Artwork Information

  • Title:

    Untitled, #10

  • Artist:

    Trova, Ernest

  • Artist Bio:

    American, 1927–2009

  • Date:

    1969

  • Medium:

    Serigraph

  • Dimensions:

  • Credit Line:

    Wichita Art Museum, Museum purchase, Wichita Art Museum Members Foundation

  • Object Number:

    1972.12

  • Display:

    Not Currently on Display


About the Artwork

Ernest Trova worked in sculpture, painting and printmaking. His “Falling Man” theme (began in the 1960s) was a lifelong exploration of a simplified man: faceless, armless, rounded belly and of indeterminate sex. In Trova’s art the figure strikes a variety of poses and in the Wichita Art Museum print is placed in a repeated pattern that forms a half circle. The image has a black background, white with black outlined “Falling Man” and gray ground. The overall composition suggests a nautilus especially at the center where the heads overlap and form a decorative curved ‘skeleton.’

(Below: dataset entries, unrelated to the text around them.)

lemma smooth_add: "smooth f \<Longrightarrow> smooth g \<Longrightarrow> smooth (\<lambda>y. f y + g y)"
  unfolding smooth_def using smooth_upto_add by blast

lemma smooth_mult: "smooth f \<Longrightarrow> smooth g \<Longrightarrow> smooth (\<lambda>y. f y * g y)"
  unfolding smooth_def using smooth_upto_mult by blast

lemma smooth_const: "smooth (\<lambda>y. c)"
  unfolding smooth_def using smooth_upto_const by blast

lemma smooth_coord: "smooth (\<lambda>y. y i)"
  unfolding smooth_def using smooth_upto_coord by blast

lemma smooth_comp:
  "\<forall>k x. (deriv ^^ k) \<phi> differentiable (at x) \<Longrightarrow> smooth g \<Longrightarrow> smooth (\<lambda>y. (deriv ^^ k) \<phi> (g y))"
  unfolding smooth_def using smooth_upto_comp by blast

lemma smooth_sum: "finite Q \<Longrightarrow> (\<And>q. q \<in> Q \<Longrightarrow> smooth (f q)) \<Longrightarrow> smooth (\<lambda>y. \<Sum>q\<in>Q. f q y)"
  by (induct Q rule: finite_induct) (auto intro: smooth_add smooth_const)

definition dparts :: "nat list \<Rightarrow> ((nat \<Rightarrow> real) \<Rightarrow> real) \<Rightarrow> ((nat \<Rightarrow> real) \<Rightarrow> real)" where
  "dparts js f = fold dpart js f"

lemma dparts_Nil [simp]: "dparts [] f = f"
  and dparts_Cons [simp]: "dparts (j # js) f = dparts js (dpart j f)"
  by (simp_all add: dparts_def)

lemma dparts_add:
  "smooth f \<Longrightarrow> smooth g \<Longrightarrow> dparts js (\<lambda>y. f y + g y) = (\<lambda>y. dparts js f y + dparts js g y)"
proof (induct js arbitrary: f g)
  case Nil
  then show ?case by simp
next
  case (Cons j js)
  have "dpart j (\<lambda>y. f y + g y) = (\<lambda>y. dpart j f y + dpart j g y)"
    using dpart_add(2) smooth_partial_differentiable Cons.prems by blast
  then show ?case using Cons by (simp add: smooth_dpart)
qed

lemma dparts_const: "dparts js (\<lambda>y. c) = (\<lambda>y. if js = [] then c else 0)"
proof (induct js arbitrary: c)
  case Nil
  then show ?case by simp
next
  case (Cons j js)
  have "dpart j (\<lambda>y. c) = (\<lambda>y. 0)" using dpart_const(2) by blast
  then show ?case using Cons by simp
qed

lemma dparts_cmult: "smooth f \<Longrightarrow> dparts js (\<lambda>y. c * f y) = (\<lambda>y. c * dparts js f y)"
proof (induct js arbitrary: f)
  case Nil
  then show ?case by simp
next
  case (Cons j js)
  have "dpart j (\<lambda>y. c * f y) = (\<lambda>y. c * dpart j f y)"
    using dpart_mult(2)[OF dpart_const(1) smooth_partial_differentiable[OF Cons.prems]] dpart_const(2)
    by auto
  then show ?case using Cons by (simp add: smooth_dpart)
qed

lemma dparts_sum:
  "finite Q \<Longrightarrow> (\<And>q. q \<in> Q \<Longrightarrow> smooth (f q)) \<Longrightarrow>
   dparts js (\<lambda>y. \<Sum>q\<in>Q. f q y) = (\<lambda>y. \<Sum>q\<in>Q. dparts js (f q) y)"
proof (induct Q rule: finite_induct)
  case empty
  then show ?case using dparts_const[of js 0] by auto
next
  case (insert x F)
  then have "dparts js (\<lambda>y. f x y + (\<Sum>q\<in>F. f q y)) =
      (\<lambda>y. dparts js (f x) y + dparts js (\<lambda>y. \<Sum>q\<in>F. f q y) y)"
    by (intro dparts_add smooth_sum) auto
  then show ?case using insert by simp
qed

lemma dparts_affine:
  assumes "finite Q" "\<And>i. i \<in> Q \<Longrightarrow> smooth (h i)"
  shows "dparts js (\<lambda>y. (\<Sum>i\<in>Q. w i * h i y) + c) =
    (\<lambda>y. (\<Sum>i\<in>Q. w i * dparts js (h i) y) + (if js = [] then c else 0))"
proof -
  have "smooth (\<lambda>y. \<Sum>i\<in>Q. w i * h i y)"
    using assms by (intro smooth_sum smooth_mult smooth_const) auto
  then have "dparts js (\<lambda>y. (\<Sum>i\<in>Q. w i * h i y) + c) =
      (\<lambda>y. dparts js (\<lambda>y. \<Sum>i\<in>Q. w i * h i y) y + dparts js (\<lambda>y. c) y)"
    by (rule dparts_add[OF _ smooth_const])
  also have "dparts js (\<lambda>y. \<Sum>i\<in>Q. w i * h i y) = (\<lambda>y. \<Sum>i\<in>Q. dparts js (\<lambda>y. w i * h i y) y)"
    using assms by (intro dparts_sum smooth_mult smooth_const) auto
  finally show ?thesis using assms by (simp add: dparts_cmult dparts_const)
qed

lemma dparts_coord: "dparts (j # ks) (\<lambda>y. y i) = (\<lambda>y. if ks = [] \<and> i = j then 1 else 0)"
proof -
  have "dpart j (\<lambda>y. y i) = (\<lambda>y. if i = j then 1 else 0)" using dpart_coord(2) by auto
  then show ?thesis by (cases "i = j") (auto simp: dparts_const)
qed

section \<open>Leibniz and Faa di Bruno bounds\<close>

lemma binomial_convolution_Suc:
  fixes F G :: "nat \<Rightarrow> real"
  shows "(\<Sum>i\<le>Suc n. real (Suc n choose i) * F i * G (Suc n - i)) =
    (\<Sum>i\<le>n. real (n choose i) * F (Suc i) * G (n - i)) + (\<Sum>i\<le>n. real (n choose i) * F i * G (Suc n - i))"
proof -
  have "(\<Sum>i\<le>Suc n. real (Suc n choose i) * F i * G (Suc n - i)) =
      F 0 * G (Suc n) + (\<Sum>i\<le>n. real (Suc n choose Suc i) * F (Suc i) * G (n - i))"
    by (subst sum.atMost_Suc_shift) simp
  also have "\<dots> = (\<Sum>i\<le>n. real (n choose i) * F (Suc i) * G (n - i))
      + (F 0 * G (Suc n) + (\<Sum>i\<le>n. real (n choose Suc i) * F (Suc i) * G (n - i)))"
    by (simp add: sum.distrib algebra_simps)
  also have "F 0 * G (Suc n) + (\<Sum>i\<le>n. real (n choose Suc i) * F (Suc i) * G (n - i))
      = (\<Sum>i\<le>Suc n. real (n choose i) * F i * G (Suc n - i))"
    by (subst sum.atMost_Suc_shift) simp
  finally show ?thesis by simp
qed

lemma dparts_mult_bound:
  assumes "smooth f" "smooth g"
    and "\<And>ks y. set ks \<subseteq> J \<Longrightarrow> length ks \<le> length js \<Longrightarrow>
      \<bar>dparts ks f y\<bar> \<le> (\<Prod>i\<leftarrow>ks. \<beta> i) * F (length ks)"
    and "\<And>ks y. set ks \<subseteq> J \<Longrightarrow> length ks \<le> length js \<Longrightarrow>
      \<bar>dparts ks g y\<bar> \<le> (\<Prod>i\<leftarrow>ks. \<beta> i) * G (length ks)"
    and "set js \<subseteq> J"
  shows "\<bar>dparts js (\<lambda>y. f y * g y) y\<bar>
    \<le> (\<Prod>i\<leftarrow>js. \<beta> i) * (\<Sum>i\<le>length js. real (length js choose i) * F i * G (length js - i))"
  using assms
proof (induction js arbitrary: f g F G y)
  case Nil
  have "\<bar>f y * g y\<bar> \<le> F 0 * G 0"
    using Nil.prems(3)[of "[]" y] Nil.prems(4)[of "[]" y] unfolding abs_mult
    by (intro mult_mono) auto
  then show ?case by simp
next
  case (Cons j js)
  let ?n = "length js"
  have j: "j \<in> J" and js: "set js \<subseteq> J" using Cons.prems(5) by auto
  have f': "smooth (dpart j f)" and g': "smooth (dpart j g)" using Cons.prems smooth_dpart by blast+
  have "dpart j (\<lambda>y. f y * g y) = (\<lambda>y. dpart j f y * g y + f y * dpart j g y)"
    using dpart_mult(2) Cons.prems(1,2) smooth_partial_differentiable by blast
  then have split: "dparts (j # js) (\<lambda>y. f y * g y) =
      (\<lambda>y. dparts js (\<lambda>y. dpart j f y * g y) y + dparts js (\<lambda>y. f y * dpart j g y) y)"
    using Cons.prems f' g' by (simp add: dparts_add smooth_mult)
  have f'_bound: "\<bar>dparts ks (dpart j f) y\<bar> \<le> (\<Prod>i\<leftarrow>ks. \<beta> i) * (\<beta> j * F (Suc (length ks)))"
    if "set ks \<subseteq> J" "length ks \<le> ?n" for ks y
    using Cons.prems(3)[of "j # ks" y] that j by (simp add: algebra_simps)
  have g'_bound: "\<bar>dparts ks (dpart j g) y\<bar> \<le> (\<Prod>i\<leftarrow>ks. \<beta> i) * (\<beta> j * G (Suc (length ks)))"
    if "set ks \<subseteq> J" "length ks \<le> ?n" for ks y
    using Cons.prems(4)[of "j # ks" y] that j by (simp add: algebra_simps)
  have "\<bar>dparts (j # js) (\<lambda>y. f y * g y) y\<bar>
      \<le> \<bar>dparts js (\<lambda>y. dpart j f y * g y) y\<bar> + \<bar>dparts js (\<lambda>y. f y * dpart j g y) y\<bar>"
    unfolding split by (rule abs_triangle_ineq)
  also have "\<dots> \<le> (\<Prod>i\<leftarrow>js. \<beta> i) * (\<Sum>i\<le>?n. real (?n choose i) * (\<beta> j * F (Suc i)) * G (?n - i))
      + (\<Prod>i\<leftarrow>js. \<beta> i) * (\<Sum>i\<le>?n. real (?n choose i) * F i * (\<beta> j * G (Suc (?n - i))))"
    using Cons.IH[OF f' Cons.prems(2) f'_bound _ js] Cons.IH[OF Cons.prems(1) g' _ g'_bound js]
      Cons.prems(3,4)
    by (intro add_mono) (auto simp del: prod_list.Cons)
  also have "\<dots> = (\<Prod>i\<leftarrow>j # js. \<beta> i) * ((\<Sum>i\<le>?n. real (?n choose i) * F (Suc i) * G (?n - i))
      + (\<Sum>i\<le>?n. real (?n choose i) * F i * G (Suc ?n - i)))"
    by (simp add: sum_distrib_left sum_distrib_right algebra_simps Suc_diff_le sum.distrib)
  also have "\<dots> = (\<Prod>i\<leftarrow>j # js. \<beta> i) *
      (\<Sum>i\<le>length (j # js). real (length (j # js) choose i) * F i * G (length (j # js) - i))"
    by (simp only: binomial_convolution_Suc length_Cons)
  finally show ?case .
qed

lemma Bseq_Suc_Suc:
  "1 \<le> k \<Longrightarrow> Bseq c (Suc n) (Suc k) = (\<Sum>i=k..n. real (n choose i) * c (Suc n - i) * Bseq c i k)"
  by (cases k) auto

lemma Bseq_eq_0: "i < k \<Longrightarrow> 2 \<le> k \<Longrightarrow> Bseq c i k = 0"
proof -
  assume "i < k" "2 \<le> k"
  then obtain k' where "k = Suc (Suc k')" by (metis add_2_eq_Suc le_Suc_ex)
  then show ?thesis using \<open>i < k\<close> by auto
qed

lemma Bseq_nonneg: "(\<And>n. g n \<ge> 0) \<Longrightarrow> Bseq g n k \<ge> 0"
  by (induct g n k rule: Bseq.induct) (auto intro!: sum_nonneg)

lemma Bseq_scale: "Bseq (\<lambda>n. r * g n) n k = r ^ k * Bseq g n k"
  by (induct g n k rule: Bseq.induct) (auto simp: sum_distrib_left algebra_simps)

text \<open>\<^const>\<open>Bseq\<close> is the recurrence of the partial Bell polynomials \<open>B\<^sub>n\<^sub>,\<^sub>k(c\<^sub>1, c\<^sub>2, \<dots>)\<close>, so
  this is the right-hand side of Faa di Bruno's formula for the \<open>n\<close>-th derivative of
  \<open>\<phi>\<^sup>(\<^sup>k\<^sup>) \<circ> g\<close> with \<open>|\<phi>\<^sup>(\<^sup>i\<^sup>)|\<close> replaced by \<open>A i\<close> and \<open>|g\<^sup>(\<^sup>i\<^sup>)|\<close> by \<open>c i\<close>.\<close>
definition faa_di_bruno :: "(nat \<Rightarrow> real) \<Rightarrow> (nat \<Rightarrow> real) \<Rightarrow> nat \<Rightarrow> nat \<Rightarrow> real" where
  "faa_di_bruno A c k n = (if n = 0 then A k else (\<Sum>l=1..n. A (k + l) * Bseq c n l))"

lemma faa_di_bruno_Suc:
  "faa_di_bruno A c k (Suc n) = (\<Sum>i\<le>n. real (n choose i) * faa_di_bruno A c (Suc k) i * c (Suc n - i))"
proof -
  define X where "X i l = A (Suc k + l) * (real (n choose i) * c (Suc n - i) * Bseq c i l)" for i l
  have "faa_di_bruno A c k (Suc n) = (\<Sum>l=0..n. A (k + Suc l) * Bseq c (Suc n) (Suc l))"
    unfolding faa_di_bruno_def
    by (simp only: nat.distinct if_False sum.atLeast_Suc_atMost_Suc_shift One_nat_def)
      (simp add: comp_def)
  also have "\<dots> = A (Suc k) * c (Suc n) + (\<Sum>l=1..n. \<Sum>i=l..n. X i l)"
    by (subst sum.atLeast_Suc_atMost)
      (auto simp: Bseq_Suc_Suc X_def sum_distrib_left intro!: sum.cong)
  also have "(\<Sum>l=1..n. \<Sum>i=l..n. X i l) = (\<Sum>l=1..n. \<Sum>i=1..n. X i l)"
    by (intro sum.cong refl sum.mono_neutral_left) (auto simp: X_def Bseq_eq_0)
  also have "\<dots> = (\<Sum>i=1..n. \<Sum>l=1..n. X i l)"
    by (rule sum.swap)
  also have "\<dots> = (\<Sum>i=1..n. \<Sum>l=1..i. X i l)"
    by (intro sum.cong refl sum.mono_neutral_right) (auto simp: X_def Bseq_eq_0)
  also have "A (Suc k) * c (Suc n) + \<dots> =
      (\<Sum>i\<le>n. real (n choose i) * faa_di_bruno A c (Suc k) i * c (Suc n - i))"
  proof -
    have "{..n} = insert 0 {1..n}" by auto
    then show ?thesis
      by (auto simp: faa_di_bruno_def X_def sum_distrib_left sum_distrib_right algebra_simps
          intro!: sum.cong)
  qed
  finally show ?thesis .
qed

Trova was born in St. Louis in 1927. A self-taught artist, his early paintings were in the Abstract Expressionist mode. With his “Falling Man” theme he became a standard of Pop Art. In later years he began making collages using magazine photographs of meat. He was also known for collecting toys, especially Walt Disney characters. He died in Missouri at the age of 82.